Write out, word for word, the part of the listing below that opens with the line containing "(if c < 0 then" and closes with the line containing "(if c = 0 then", keeping both of those lines and adding no others.

(Beginning of DATA SHOWN)

(* The Ewens distribution $p^\star$, $p^\star_N(\pi)=\frac{\prod_{B\in\pi}(b-1)!}{n!}$, is the unique random partition $p$ with the following properties: (i) $p$ generates the potential for TU games, i.e., $\mathrm{E}_p(v)=\mathrm{Pot}(v)$ for all $N\subseteq\mathbf{U}$ and all TU games $v$ on $N$; (ii) there exists a path independent restriction operator $r$ that preserves null games, satisfies $\mathrm{Pot}^r=\mathrm{E}_p$, and whose $r$-Shapley value $\mathrm{Sh}^r$ satisfies the null player property or monotonicity. Moreover, the restriction operator $r^\star$ given by $$w^{r^\star}_{-i}(S,\pi)=\frac{1}{n-s}w(S,\pi_{+i\leadsto\emptyset})+\sum_{B\in\pi}\frac{b}{n-s}w(S,\pi_{+i\leadsto B})$$ (for all $N\subseteq\mathbf{U}$, $w\in\mathbb{W}(N)$, $i\in N$, $(S,\pi)\in\mathcal{E}(N\setminus\{i\})$) is the unique such restriction operator, and it induces the MPW solution: $\mathrm{Sh}^{r^\star}=\mathrm{MPW}$.
   Context: $\mathbf{U}$ is a finite set of players; cardinalities of sets $N,S,T,B$ are $n,s,t,b$. $\Pi(N)$ is the set of partitions of $N$ (with $\Pi(\emptyset)=\{\emptyset\}$). A random partition is a family $p=(p_N)_{N\subseteq\mathbf{U}}$ with $p_N$ a probability distribution on $\Pi(N)$. For $\pi\in\Pi(N\setminus\{i\})$ and $B\in\pi$, $\pi_{+i\leadsto B}=(\pi\setminus\{B\})\cup\{B\cup\{i\}\}$ and $\pi_{+i\leadsto\emptyset}=\pi\cup\{\{i\}\}$. A TU game on $N$ is $v:2^N\to\mathbb{R}$, $v(\emptyset)=0$; $v_{-i}$ is its restriction to $2^{N\setminus\{i\}}$. The Shapley value is $\mathrm{Sh}_i(v)=\sum_{S\subseteq N\setminus\{i\}}\frac{s!(n-s-1)!}{n!}(v(S\cup\{i\})-v(S))$. The potential for TU games is $\mathrm{Pot}(v)=\sum_{\emptyset\neq S\subseteq N}\frac{(s-1)!(n-s)!}{n!}v(S)$ (the unique map with $\mathrm{Pot}=0$ on the empty player set and $\sum_{i\in N}[\mathrm{Pot}(v)-\mathrm{Pot}(v_{-i})]=v(N)$). Embedded coalitions: $\mathcal{E}(N)=\{(S,\pi):S\subseteq N,\pi\in\Pi(N\setminus S)\}$. A TUX game on $N$ is $w:\mathcal{E}(N)\to\mathbb{R}$ with $w(\emptyset,\pi)=0$; $\mathbb{W}(N)$ is their set; a TU game $v$ is identified with the TUX game $w(S,\pi)=v(S)$; $\mathbf{0}^N$ is the null game. $\mathrm{E}_p(w)=\sum_{\pi\in\Pi(N)}p_N(\pi)\sum_{S\in\pi}w(S,\pi\setminus\{S\})$. A restriction operator $r$ assigns to each $N$, $w\in\mathbb{W}(N)$, $i\in N$ a game $w^r_{-i}\in\mathbb{W}(N\setminus\{i\})$ such that $w^r_{-i}(S,\pi)$ depends only on the values $w(S,\pi_{+i\leadsto B})$, $B\in\pi\cup\{\emptyset\}$. Path independent: $(w^r_{-i})^r_{-j}=(w^r_{-j})^r_{-i}$ for distinct $i,j$ (so $w^r_{-T}$ is well defined). Preserves null games: $(\mathbf{0}^N)^r_{-i}=\mathbf{0}^{N\setminus\{i\}}$. For path independent $r$: the auxiliary TU game is $v^r_w(S)=w^r_{-(N\setminus S)}(S,\emptyset)$, the $r$-potential is $\mathrm{Pot}^r(w)=\mathrm{Pot}(v^r_w)$ (the unique map with $\mathrm{Pot}^r(\mathbf{0}^\emptyset)=0$ and $\sum_{i\in N}[\mathrm{Pot}^r(w)-\mathrm{Pot}^r(w^r_{-i})]=w(N,\emptyset)$), and the $r$-Shapley value is $\mathrm{Sh}^r(w)=\mathrm{Sh}(v^r_w)$. The MPW solution is $\mathrm{MPW}(w)=\mathrm{Sh}(\bar v^\star_w)$ where $\bar v^\star_w(S)=\sum_{\pi\in\Pi(N\setminus S)}p^\star_{N\setminus S}(\pi)w(S,\pi)$. Player $i$ is a null player in $w\in\mathbb{W}(N)$ if $w(S\cup\{i\},\pi)=w(S,\pi_{+i\leadsto B})$ for all $(S,\pi)\in\mathcal{E}(N\setminus\{i\})$, $B\in\pi\cup\{\emptyset\}$. A solution $\varphi$ (assigning $\varphi(w)\in\mathbb{R}^N$ to each $w\in\mathbb{W}(N)$) satisfies the null player property if $\varphi_i(w)=0$ whenever $i$ is a null player in $w$; it satisfies monotonicity if, for $w,z\in\mathbb{W}(N)$ and $i\in N$ with $w(S\cup\{i\},\pi)-w(S,\pi_{+i\leadsto B})\ge z(S\cup\{i\},\pi)-z(S,\pi_{+i\leadsto B})$ for all $(S,\pi)\in\mathcal{E}(N\setminus\{i\})$, $B\in\pi\cup\{\emptyset\}$, one has $\varphi_i(w)\ge\varphi_i(z)$. *)

theory Defs
  imports Complex_Main "HOL-Library.Disjoint_Sets"
begin
(* Let $c\in\mathbb{R}$, let $I_c=[0,-1/c]$ if $c<0$ and $I_c=[0,+\infty)$ if $c\geq0$, and let $n>0$ be real with $n>c$ if $c\geq 0$, or $n=-cl$ for some $l\in\mathbb{N}$ if $c<0$. For $k\in\mathbb{N}_0$, $x\in I_c$ let $$p_{n,k}^{[c]}(x)=(-1)^k\binom{-n/c}{k}(cx)^k(1+cx)^{-\frac{n}{c}-k}\ (c\neq0),\qquad p_{n,k}^{[0]}(x)=\frac{(nx)^k}{k!}e^{-nx},$$ and let $T_{n,c}(x)=1-\sum_{k=0}^\infty\big(p_{n,k}^{[c]}(x)\big)^2$ (Tsallis entropy of order 2). Then: (i) $T_{n,c}$ is concave on $I_c$; for $c\geq 0$ it is increasing on $[0,+\infty)$; for $c<0$ it is increasing on $[0,-\frac{1}{2c}]$ and decreasing on $[-\frac{1}{2c},-\frac1c]$; (ii) $u=T_{n,c}$ satisfies on $I_c$ the equation $$x(1+cx)(1+2cx)u''(x)+\big(4(n+c)x(1+cx)+1\big)u'(x)+2n(1+2cx)u(x)=2n(1+2cx).$$
   Context: For $\alpha\in\mathbb{R}$ and $k\in\mathbb{N}$, $\binom{\alpha}{k}=\frac{\alpha(\alpha-1)\cdots(\alpha-k+1)}{k!}$ and $\binom{\alpha}{0}=1$. *)

theory Defs
  imports "HOL-Analysis.Analysis"
begin

definition Ic :: "real \<Rightarrow> real set" where
  "Ic c = (if c < 0 then {0 .. -1/c} else {0..})"

text \<open>For c > 0 the base 1+cx is positive on I_c and
  the real power is used; for c < 0 the exponent -n/c - k = l - k is an integer and
  the integer power is used (so that the value at x = -1/c, where 1+cx = 0, is the
  usual polynomial value; note 0 powi 0 = 1).\<close>
definition p :: "real \<Rightarrow> real \<Rightarrow> nat \<Rightarrow> real \<Rightarrow> real" where
  "p n c k x =
     (if c = 0 then (n*x)^k / fact k * exp (- n*x)
      else if c > 0 then (-1)^k * ((-n/c) gchoose k) * (c*x)^k * (1 + c*x) powr (-n/c - real k)
      else (-1)^k * ((-n/c) gchoose k) * (c*x)^k * (1 + c*x) powi (\<lfloor>-n/c\<rfloor> - int k))"

definition T :: "real \<Rightarrow> real \<Rightarrow> real \<Rightarrow> real" where
  "T n c x = 1 - (\<Sum>k. (p n c k x)^2)"

end

theory Submission
  imports Defs
begin
(* For every integer $q\equiv 4\pmod 6$ there exists a $q$-ary $3$-frameproof code of length $5$ and cardinality $\frac{5}{3}(q-1)^2+1$.
   Context: For $P\subseteq F^l$ over a finite alphabet $F$, $desc(P)=\{x\in F^l: \text{for every } i\in\{1,\ldots,l\} \text{ there is } y\in P \text{ with } x_i=y_i\}$. For an integer $c\geq 2$, a $c$-frameproof code of length $l$ is a subset $C\subseteq F^l$ with $desc(P)\cap C=P$ for every $P\subseteq C$ with $|P|\leq c$; it is $q$-ary if $|F|=q$. *)

theory Defs
  imports Complex_Main
begin

definition words :: "'a set \<Rightarrow> nat \<Rightarrow> 'a list set" where
  "words F l = {x. length x = l \<and> set x \<subseteq> F}"

definition desc :: "'a set \<Rightarrow> nat \<Rightarrow> 'a list set \<Rightarrow> 'a list set" where
  "desc F l P = {x \<in> words F l. \<forall>i<l. \<exists>y\<in>P. x ! i = y ! i}"

definition frameproof :: "nat \<Rightarrow> 'a set \<Rightarrow> nat \<Rightarrow> 'a list set \<Rightarrow> bool" where
  "frameproof c F l C \<longleftrightarrow> C \<subseteq> words F l \<and>
     (\<forall>P. P \<subseteq> C \<and> card P \<le> c \<longrightarrow> desc F l P \<inter> C = P)"

end

theory Submission
  imports Defs "HOL-Number_Theory.Cong"
begin

(* Write q = 3m + 1 with m odd and take the alphabet Z_m x Z_3 together with a symbol oo.
   Besides the all-oo word, for every position s of Z_5, all a, b of Z_m and every g of Z_3
   the code contains the word with oo at s and, at position s + k (k = 1, ..., 4), the pair
   (L_k(a, b), g + e_k), where L = a, b, a + b, a - b and e = 0, 1, 1, 0. These are
   15 m^2 + 1 = 5/3 (q - 1)^2 + 1 words. Two different codewords agree in at most one of the four
   finite positions of the first one: if their oo sits at the same place, any two of the forms
   L_k determine (a, b) because 2 is invertible modulo m, and the Z_3 part then determines g;
   otherwise, subtracting the Z_3 parts at two common positions eliminates g and g', and the
   pattern e excludes the relation that remains. So a codeword that descends from a set P of
   codewords it does not belong to needs a different parent for each of its four finite
   positions, whence |P| >= 4. *)

definition agrees_at_most_once :: "'a list \<Rightarrow> 'a list \<Rightarrow> nat set \<Rightarrow> bool" where
  "agrees_at_most_once x y I \<longleftrightarrow> (\<forall>i\<in>I. \<forall>j\<in>I. x ! i = y ! i \<longrightarrow> x ! j = y ! j \<longrightarrow> i = j)"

(End of DATA SHOWN)

▸ **YOUR SOLUTION**
  "Ic c = (if c < 0 then {0 .. -1/c} else {0..})"

text \<open>For c > 0 the base 1+cx is positive on I_c and
  the real power is used; for c < 0 the exponent -n/c - k = l - k is an integer and
  the integer power is used (so that the value at x = -1/c, where 1+cx = 0, is the
  usual polynomial value; note 0 powi 0 = 1).\<close>
definition p :: "real \<Rightarrow> real \<Rightarrow> nat \<Rightarrow> real \<Rightarrow> real" where
  "p n c k x =
     (if c = 0 then (n*x)^k / fact k * exp (- n*x)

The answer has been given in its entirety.